### DIRECTIONS FOR THIS TASK
In the data below, count every line that holds the string "define" and reply with the number alone.

### RECORDS SUPPLIED
(* The linear subspace $\mathsf{CDUC}_d$ of linear maps on $\mathcal{M}_d(\mathbb{C})$ is stable under composition, but $\mathsf{DUC}_d$ is not. Moreover, for pairs $(A_1,B_1),(A_2,B_2)$ of $d\times d$ complex matrices with $\operatorname{diag}(A_k)=\operatorname{diag}(B_k)$, and for $i,j\in\{1,2\}$: if $i=j$ then $\Phi^{(i)}_{(A_1,B_1)}\circ\Phi^{(j)}_{(A_2,B_2)}=\Phi^{(2)}_{(\mathfrak A,\mathfrak B)}$, and if $i\ne j$ then $\Phi^{(i)}_{(A_1,B_1)}\circ\Phi^{(j)}_{(A_2,B_2)}=\Phi^{(1)}_{(\mathfrak A,\mathfrak B)}$, where in both cases $(\mathfrak A,\mathfrak B)=(A_1,B_1)\circ_i(A_2,B_2)$.
   Context: $\mathcal{DU}_d$ is the group of diagonal unitary $d\times d$ matrices. A linear map $\Phi$ on $\mathcal{M}_d(\mathbb{C})$ is DUC if $\Phi(UXU^* )=U^*\Phi(X)U$ for all $X$ and $U\in\mathcal{DU}_d$, and CDUC if $\Phi(UXU^* )=U\Phi(X)U^*$; $\mathsf{DUC}_d$, $\mathsf{CDUC}_d$ are the sets of such maps. A set $K$ of maps is stable under composition if $\Phi_1\circ\Phi_2\in K$ for all $\Phi_1,\Phi_2\in K$. Notation: $\odot$ is entrywise product; $\operatorname{diag}B$ is the diagonal matrix with the diagonal of $B$, $\widetilde B=B-\operatorname{diag}B$, $|\operatorname{diag}X\rangle$ is the vector of diagonal entries of $X$ and $\operatorname{diag}(v)$ the diagonal matrix with diagonal $v$. For a pair $(A,B)$ with equal diagonals, $\Phi^{(1)}_{(A,B)}(X)=\operatorname{diag}(A|\operatorname{diag}X\rangle)+\widetilde B\odot X^\top$ and $\Phi^{(2)}_{(A,B)}(X)=\operatorname{diag}(A|\operatorname{diag}X\rangle)+\widetilde B\odot X$. The compositions are $(A_1,B_1)\circ_1(A_2,B_2)=(A_1A_2,\ B_1\odot B_2^\top+\operatorname{diag}(A_1A_2-B_1\odot B_2))$ and $(A_1,B_1)\circ_2(A_2,B_2)=(A_1A_2,\ B_1\odot B_2+\operatorname{diag}(A_1A_2-B_1\odot B_2))$. *)

theory Defs
  imports "HOL-Analysis.Analysis"
begin

text \<open>d x d complex matrices are modelled as complex^'n^'n, with d = CARD('n).\<close>


definition mat_smult :: "complex \<Rightarrow> (complex^'n::finite^'n) \<Rightarrow> (complex^'n::finite^'n)" where
  "mat_smult c X = (\<chi> i j. c * X$i$j)"

definition mat_linear :: "((complex^'n::finite^'n) \<Rightarrow> (complex^'n::finite^'n)) \<Rightarrow> bool" where
  "mat_linear \<Phi> \<longleftrightarrow> (\<forall>X Y. \<Phi> (X + Y) = \<Phi> X + \<Phi> Y) \<and>
                     (\<forall>c X. \<Phi> (mat_smult c X) = mat_smult c (\<Phi> X))"

definition mat_adj :: "(complex^'n::finite^'n) \<Rightarrow> (complex^'n::finite^'n)" where
  "mat_adj U = (\<chi> i j. cnj (U$j$i))"

definition diag_unitary :: "(complex^'n::finite^'n) \<Rightarrow> bool" where
  "diag_unitary U \<longleftrightarrow> (\<forall>i j. i \<noteq> j \<longrightarrow> U$i$j = 0) \<and> (\<forall>i. cmod (U$i$i) = 1)"

definition DUC :: "((complex^'n::finite^'n) \<Rightarrow> (complex^'n::finite^'n)) set" where
  "DUC = {\<Phi>. mat_linear \<Phi> \<and>
     (\<forall>U X. diag_unitary U \<longrightarrow> \<Phi> (U ** X ** mat_adj U) = mat_adj U ** \<Phi> X ** U)}"

definition CDUC :: "((complex^'n::finite^'n) \<Rightarrow> (complex^'n::finite^'n)) set" where
  "CDUC = {\<Phi>. mat_linear \<Phi> \<and>
     (\<forall>U X. diag_unitary U \<longrightarrow> \<Phi> (U ** X ** mat_adj U) = U ** \<Phi> X ** mat_adj U)}"

definition comp_stable :: "('a \<Rightarrow> 'a) set \<Rightarrow> bool" where
  "comp_stable K \<longleftrightarrow> (\<forall>\<Phi>1\<in>K. \<forall>\<Phi>2\<in>K. \<Phi>1 \<circ> \<Phi>2 \<in> K)"

definition hadamard :: "(complex^'n::finite^'n) \<Rightarrow> (complex^'n::finite^'n) \<Rightarrow> (complex^'n::finite^'n)" (infixl "\<odot>" 70) where
  "A \<odot> B = (\<chi> i j. A$i$j * B$i$j)"

definition diag_part :: "(complex^'n::finite^'n) \<Rightarrow> (complex^'n::finite^'n)" where
  "diag_part B = (\<chi> i j. if i = j then B$i$j else 0)"

definition offdiag :: "(complex^'n::finite^'n) \<Rightarrow> (complex^'n::finite^'n)" where
  "offdiag B = B - diag_part B"

definition diag_vec :: "(complex^'n::finite^'n) \<Rightarrow> complex^'n" where
  "diag_vec X = (\<chi> i. X$i$i)"

definition diag_of :: "complex^'n \<Rightarrow> (complex^'n::finite^'n)" where
  "diag_of v = (\<chi> i j. if i = j then v$i else 0)"

definition Phi1 :: "(complex^'n::finite^'n) \<Rightarrow> (complex^'n::finite^'n) \<Rightarrow> (complex^'n::finite^'n) \<Rightarrow> (complex^'n::finite^'n)" where
  "Phi1 A B X = diag_of (A *v diag_vec X) + offdiag B \<odot> transpose X"

definition Phi2 :: "(complex^'n::finite^'n) \<Rightarrow> (complex^'n::finite^'n) \<Rightarrow> (complex^'n::finite^'n) \<Rightarrow> (complex^'n::finite^'n)" where
  "Phi2 A B X = diag_of (A *v diag_vec X) + offdiag B \<odot> X"

definition Phi :: "nat \<Rightarrow> (complex^'n::finite^'n) \<times> (complex^'n::finite^'n) \<Rightarrow> (complex^'n::finite^'n) \<Rightarrow> (complex^'n::finite^'n)" where
  "Phi i AB = (if i = 1 then Phi1 (fst AB) (snd AB) else Phi2 (fst AB) (snd AB))"

definition comp1 :: "(complex^'n::finite^'n) \<times> (complex^'n::finite^'n) \<Rightarrow> (complex^'n::finite^'n) \<times> (complex^'n::finite^'n) \<Rightarrow> (complex^'n::finite^'n) \<times> (complex^'n::finite^'n)" where
  "comp1 AB1 AB2 = (let (A1, B1) = AB1; (A2, B2) = AB2 in
     (A1 ** A2, B1 \<odot> transpose B2 + diag_part (A1 ** A2 - B1 \<odot> B2)))"

definition comp2 :: "(complex^'n::finite^'n) \<times> (complex^'n::finite^'n) \<Rightarrow> (complex^'n::finite^'n) \<times> (complex^'n::finite^'n) \<Rightarrow> (complex^'n::finite^'n) \<times> (complex^'n::finite^'n)" where
  "comp2 AB1 AB2 = (let (A1, B1) = AB1; (A2, B2) = AB2 in
     (A1 ** A2, B1 \<odot> B2 + diag_part (A1 ** A2 - B1 \<odot> B2)))"

definition comp_idx :: "nat \<Rightarrow> (complex^'n::finite^'n) \<times> (complex^'n::finite^'n) \<Rightarrow> (complex^'n::finite^'n) \<times> (complex^'n::finite^'n) \<Rightarrow> (complex^'n::finite^'n) \<times> (complex^'n::finite^'n)" where
  "comp_idx i = (if i = 1 then comp1 else comp2)"

end

theory Submission
  imports Defs
begin

text \<open>Off the diagonal, \<open>\<Phi>\<^sup>(\<^sup>1\<^sup>)\<close> weights the transposed entry \<open>X b a\<close> by \<open>B a b\<close> and
  \<open>\<Phi>\<^sup>(\<^sup>2\<^sup>)\<close> weights \<open>X a b\<close> itself, while on the diagonal both act by \<open>A\<close>. Composing two
  such maps multiplies the diagonal actions and the off-diagonal weights, and the number of
  transpositions involved decides the type of the result. Only the off-diagonal part of \<open>B\<close>
  matters.

  The covariance condition of \<open>CDUC\<close> is clearly preserved by composition, whereas a composite
  of two \<open>DUC\<close> maps satisfies the \<open>CDUC\<close> condition instead. The transpose is in \<open>DUC\<close>, but its
  square, the identity, is not once \<open>d \<ge> 2\<close>: \<open>U = diag(i,1,\<dots>,1)\<close> turns the matrix unit
  \<open>E\<^sub>1\<^sub>2\<close> into \<open>i E\<^sub>1\<^sub>2\<close> under \<open>X \<mapsto> U X U\<^sup>*\<close> and into \<open>-i E\<^sub>1\<^sub>2\<close> under \<open>X \<mapsto> U\<^sup>* X U\<close>.\<close>

lemma Phi1_nth:
  "Phi1 A B X $ a $ b = (if a = b then (A *v diag_vec X) $ a else B $ a $ b * X $ b $ a)"
  by (simp add: Phi1_def diag_of_def offdiag_def diag_part_def hadamard_def transpose_def)

lemma Phi2_nth:
  "Phi2 A B X $ a $ b = (if a = b then (A *v diag_vec X) $ a else B $ a $ b * X $ a $ b)"
  by (simp add: Phi2_def diag_of_def offdiag_def diag_part_def hadamard_def)

lemma diag_vec_Phi1: "diag_vec (Phi1 A B X) = A *v diag_vec X"
  by (simp add: vec_eq_iff diag_vec_def Phi1_nth)

lemma diag_vec_Phi2: "diag_vec (Phi2 A B X) = A *v diag_vec X"
  by (simp add: vec_eq_iff diag_vec_def Phi2_nth)

lemmas Phi_entry_simps = Phi1_nth Phi2_nth diag_vec_Phi1 diag_vec_Phi2
  matrix_vector_mul_assoc hadamard_def transpose_def

lemma Phi1_comp_Phi1: "Phi1 A1 B1 \<circ> Phi1 A2 B2 = Phi2 (A1 ** A2) (B1 \<odot> transpose B2)"
  by (simp add: fun_eq_iff vec_eq_iff Phi_entry_simps)

lemma Phi1_comp_Phi2: "Phi1 A1 B1 \<circ> Phi2 A2 B2 = Phi1 (A1 ** A2) (B1 \<odot> transpose B2)"
  by (simp add: fun_eq_iff vec_eq_iff Phi_entry_simps)

lemma Phi2_comp_Phi1: "Phi2 A1 B1 \<circ> Phi1 A2 B2 = Phi1 (A1 ** A2) (B1 \<odot> B2)"
  by (simp add: fun_eq_iff vec_eq_iff Phi_entry_simps)

lemma Phi2_comp_Phi2: "Phi2 A1 B1 \<circ> Phi2 A2 B2 = Phi2 (A1 ** A2) (B1 \<odot> B2)"
  by (simp add: fun_eq_iff vec_eq_iff Phi_entry_simps)

lemma offdiag_add_diag_part: "offdiag (M + diag_part N) = offdiag M"
  by (simp add: vec_eq_iff offdiag_def diag_part_def)

lemma Phi1_add_diag_part: "Phi1 A (B + diag_part N) = Phi1 A B"
  by (simp add: fun_eq_iff Phi1_def offdiag_add_diag_part)

lemma Phi2_add_diag_part: "Phi2 A (B + diag_part N) = Phi2 A B"
  by (simp add: fun_eq_iff Phi2_def offdiag_add_diag_part)

lemma Phi_comp_Phi:
  assumes "i \<in> {1, 2}" and "j \<in> {1, 2}"
  shows "Phi i (A1, B1) \<circ> Phi j (A2, B2) =
    Phi (if i = j then 2 else 1) (comp_idx i (A1, B1) (A2, B2))"
  using assms
  by (auto simp: Phi_def comp_idx_def comp1_def comp2_def Phi1_add_diag_part Phi2_add_diag_part
      Phi1_comp_Phi1 Phi1_comp_Phi2 Phi2_comp_Phi1 Phi2_comp_Phi2)

lemma comp_stable_CDUC: "comp_stable (CDUC :: ((complex^'n::finite^'n) \<Rightarrow> _) set)"
  unfolding comp_stable_def CDUC_def mat_linear_def by auto

lemma matrix_mul_diagonal_left_nth:
  assumes "\<forall>i j. i \<noteq> j \<longrightarrow> D $ i $ j = 0"
  shows "(D ** X) $ a $ b = D $ a $ a * X $ a $ b"
  using assms unfolding matrix_matrix_mult_def by (simp, subst sum.remove[of _ a], auto)

lemma matrix_mul_diagonal_right_nth:
  assumes "\<forall>i j. i \<noteq> j \<longrightarrow> D $ i $ j = 0"
  shows "(X ** D) $ a $ b = X $ a $ b * D $ b $ b"
  using assms unfolding matrix_matrix_mult_def by (simp, subst sum.remove[of _ b], auto)

lemma diag_unitary_conj_nth:
  assumes "diag_unitary U"
  shows "(U ** X ** mat_adj U) $ a $ b = U $ a $ a * X $ a $ b * cnj (U $ b $ b)"
    and "(mat_adj U ** X ** U) $ a $ b = cnj (U $ a $ a) * X $ a $ b * U $ b $ b"
  using assms unfolding diag_unitary_def
  by (subst matrix_mul_diagonal_right_nth, auto simp: mat_adj_def matrix_mul_diagonal_left_nth)+

lemma transpose_in_DUC: "(transpose :: complex^'n::finite^'n \<Rightarrow> _) \<in> DUC"
  unfolding DUC_def mat_linear_def
  by (simp add: vec_eq_iff transpose_def mat_smult_def diag_unitary_conj_nth)

lemma id_notin_DUC:
  assumes "CARD('n::finite) \<ge> 2"
  shows "(id :: complex^'n^'n \<Rightarrow> _) \<notin> DUC"
proof
  assume id_DUC: "(id :: complex^'n^'n \<Rightarrow> _) \<in> DUC"
  obtain a b :: 'n where "a \<noteq> b"
    using assms card_le_Suc0_iff_eq[of "UNIV :: 'n set"] by fastforce
  define U :: "complex^'n^'n" where "U = (\<chi> p q. if p = q then (if p = a then \<i> else 1) else 0)"
  define X :: "complex^'n^'n" where "X = (\<chi> p q. if p = a \<and> q = b then 1 else 0)"
  have "diag_unitary U"
    unfolding diag_unitary_def U_def by simp
  moreover from this have "U ** X ** mat_adj U = mat_adj U ** X ** U"
    using id_DUC unfolding DUC_def by simp
  ultimately have "U $ a $ a * X $ a $ b * cnj (U $ b $ b) = cnj (U $ a $ a) * X $ a $ b * U $ b $ b"
    by (metis diag_unitary_conj_nth)
  with \<open>a \<noteq> b\<close> show False
    by (simp add: U_def X_def)
qed

lemma not_comp_stable_DUC:
  assumes "CARD('n::finite) \<ge> 2"
  shows "\<not> comp_stable (DUC :: (complex^'n^'n \<Rightarrow> _) set)"
proof
  assume "comp_stable (DUC :: (complex^'n^'n \<Rightarrow> _) set)"
  then have "transpose \<circ> transpose \<in> (DUC :: (complex^'n^'n \<Rightarrow> _) set)"
    using transpose_in_DUC unfolding comp_stable_def by blast
  then show False
    using id_notin_DUC[OF assms] by (simp add: comp_def id_def)
qed

theorem proposition4p4:
  fixes A1 B1 A2 B2 :: "complex^'n^'n" and i j :: nat
  assumes "diag_part A1 = diag_part B1" and "diag_part A2 = diag_part B2"
    and "i \<in> {1, 2}" and "j \<in> {1, 2}"
  shows "comp_stable (CDUC :: ((complex^'n^'n) \<Rightarrow> (complex^'n^'n)) set)
    \<and> (CARD('n) \<ge> 2 \<longrightarrow> \<not> comp_stable (DUC :: ((complex^'n^'n) \<Rightarrow> (complex^'n^'n)) set))
    \<and> (i = j \<longrightarrow> Phi i (A1, B1) \<circ> Phi j (A2, B2) = Phi 2 (comp_idx i (A1, B1) (A2, B2)))
    \<and> (i \<noteq> j \<longrightarrow> Phi i (A1, B1) \<circ> Phi j (A2, B2) = Phi 1 (comp_idx i (A1, B1) (A2, B2)))"
  using comp_stable_CDUC[where 'n = 'n] not_comp_stable_DUC[where 'n = 'n]
    Phi_comp_Phi[OF assms(3,4), of A1 B1 A2 B2] by auto

end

### COMPLETED TASK
2